1 Reference ranges for laboratory tests; F indicates female reference range and M male reference range. AP: acute pancreatitis; ALP: alkaline phosphatase; ALT: alanine aminotransferase; AST: aspartate aminotransferase; BISAP: bedside index for severity in AP [21]; CRP: C-reactive protein; ERCP: endoscopic retrograde cholangiopancreatography; GGT: γ-glutamyl transferase; HCT: hematocrit; MAP: mild acute pancreatitis; MSAP: moderately-severe acute pancreatitis; SAP: severe acute pancreatitis; WBC: white blood cell count; TBA: total bile acids; B/TBA: bilirubin-to-total bile acids ratio.

2.2. Changes in Total Bile Acid Concentrations and Serum Bilirubin-to-Total Bile Acids Ratio during the First 72 h of Acute Pancreatitis of Various Etiologies

Increased serum concentrations of TBA were observed during the first 24 h from the onset of symptoms in all patients with AP and equaled 64.1 ± 79.8 µmol/L. On subsequent days, a statistically significant decrease in TBA concentrations was observed: on day 2 of AP, mean serum TBA was 24.0 ± 61.6 µmol/L; on day 3, it decreased to 11.5 ± 27.8 µmol/L (p < 0.001).

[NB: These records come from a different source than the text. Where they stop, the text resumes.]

lemma ncsupp_ncS: "ncsupp (ncS v) = rev ` ncsupp v"
proof -
  have "ncS v w \<noteq> 0 \<longleftrightarrow> v (rev w) \<noteq> 0" for w
    by (metis left_minus_one_mult_self mult_zero_right ncS_def)
  then show ?thesis
    unfolding ncsupp_def by (auto simp: image_iff) (metis rev_rev_ident)
qed

lemma rrho_eq_sum:
  fixes v :: "'k::comm_ring_1 ncp"
  assumes "finite (ncsupp v)"
  shows "rrho v i j = (\<Sum>w\<in>ncsupp v. tscal (v w) (rrho_word w i j))"
proof -
  have "rho (ncS v) j i = (\<lambda>p. \<Sum>w\<in>ncsupp v. ncS v (rev w) * rho_word (rev w) j i p)"
    by (simp add: rho_def ncsupp_ncS sum.reindex)
  also have "\<dots> = (\<Sum>w\<in>ncsupp v. tscal (v w) (tscal ((-1) ^ length w) (rho_word (rev w) j i)))"
    by (simp add: fun_eq_iff sum_fun_apply tscal_def ncS_def mult_ac)
  finally show ?thesis
    by (simp add: rrho_def tS_sum tS_tscal rrho_word_def)
qed

lemma sum_rrow_rrho_word:
  "(\<Sum>i<3. \<Sum>j<3. tmul (tmul (rrow ! i) (rrho_word w i j)) (rcol ! j))
     = (\<Sum>j<3. tmul (rrow_rrho_word w j) (rcol ! j))"
  by (subst sum.swap, intro sum.cong refl)
    (simp add: sum_lessThan_3 rrow_def rrow_rrho_word_def tneg_eq_uminus tzero_eq_zero
      tmul_tone_left tmul_linear)

lemma DeltaO_eq_sum:
  fixes v :: "'k::comm_ring_1 ncp"
  assumes "finite (ncsupp v)"
  shows "DeltaO lam v = (\<lambda>p. lam * tone p + (\<Sum>w\<in>ncsupp v. v w * dWw 0 (w @ [X1]) p))"
proof -
  have "(\<Sum>i<3. \<Sum>j<3. tmul (tmul (rrow ! i) (rrho v i j)) (rcol ! j))
      = (\<Sum>i<3. \<Sum>j<3. \<Sum>w\<in>ncsupp v. tscal (v w) (tmul (tmul (rrow ! i) (rrho_word w i j)) (rcol ! j)))"
    by (simp add: rrho_eq_sum[OF assms] tmul_sum_left tmul_sum_right tmul_tscal_left tmul_tscal_right)
  also have "\<dots> = (\<Sum>w\<in>ncsupp v. tscal (v w)
      (\<Sum>i<3. \<Sum>j<3. tmul (tmul (rrow ! i) (rrho_word w i j)) (rcol ! j)))"
    by (simp add: tscal_sum sum.swap[of _ "ncsupp v"])
  also have "\<dots> = (\<Sum>w\<in>ncsupp v. tscal (v w) (dWw 0 (w @ [X1])))"
    by (simp add: sum_rrow_rrho_word rrow_rrho_word_rcol_eq_dWw)
  finally have "\<And>p. (\<Sum>i<3. \<Sum>j<3. tmul (tmul (rrow ! i) (rrho v i j)) (rcol ! j)) p
      = (\<Sum>w\<in>ncsupp v. tscal (v w) (dWw 0 (w @ [X1]))) p"
    by simp
  then show ?thesis
    by (simp add: DeltaO_def sum_fun_apply tscal_def)
qed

On day 1 of AP, average serum concentrations of TBA were the highest in the group with biliary etiology of AP and were nearly six times higher compared to the group with alcoholic etiology and twice as high compared to the patients with AP due to other etiologic factors (Table 1). On subsequent days, TBA concentrations in the group of patients with biliary etiology decreased to 32.4 ± 78.7 µmol/L on day 2 and 14.2 ± 35.6 µmol/L on day 3 of AP (p < 0.001; Figure 1A). In patients with alcoholic etiology, the mean TBA concentrations normalized and equaled 10.5 ± 12.6 µmol/L on day 2 and 9.1 ± 10.6 µmol/L on day 3; however, no statistically significant changes were observed during the first 72 h of AP (Figure 1C). In patients with etiologies other than biliary or alcoholic, a decrease and normalization of TBA concentrations were observed during the study (Figure 1E).

Figure 1

Changes in TBA serum concentrations and B/TBA ratios in patients with acute pancreatitis of biliary (A,B); alcoholic (C,D); and other (E,F) etiologies during the first 72 h of the disease. Data are shown as median, interquartile range (box), non-outlier range (whiskers), and outliers (dots); p-values for the difference between the time points are shown on the graphs.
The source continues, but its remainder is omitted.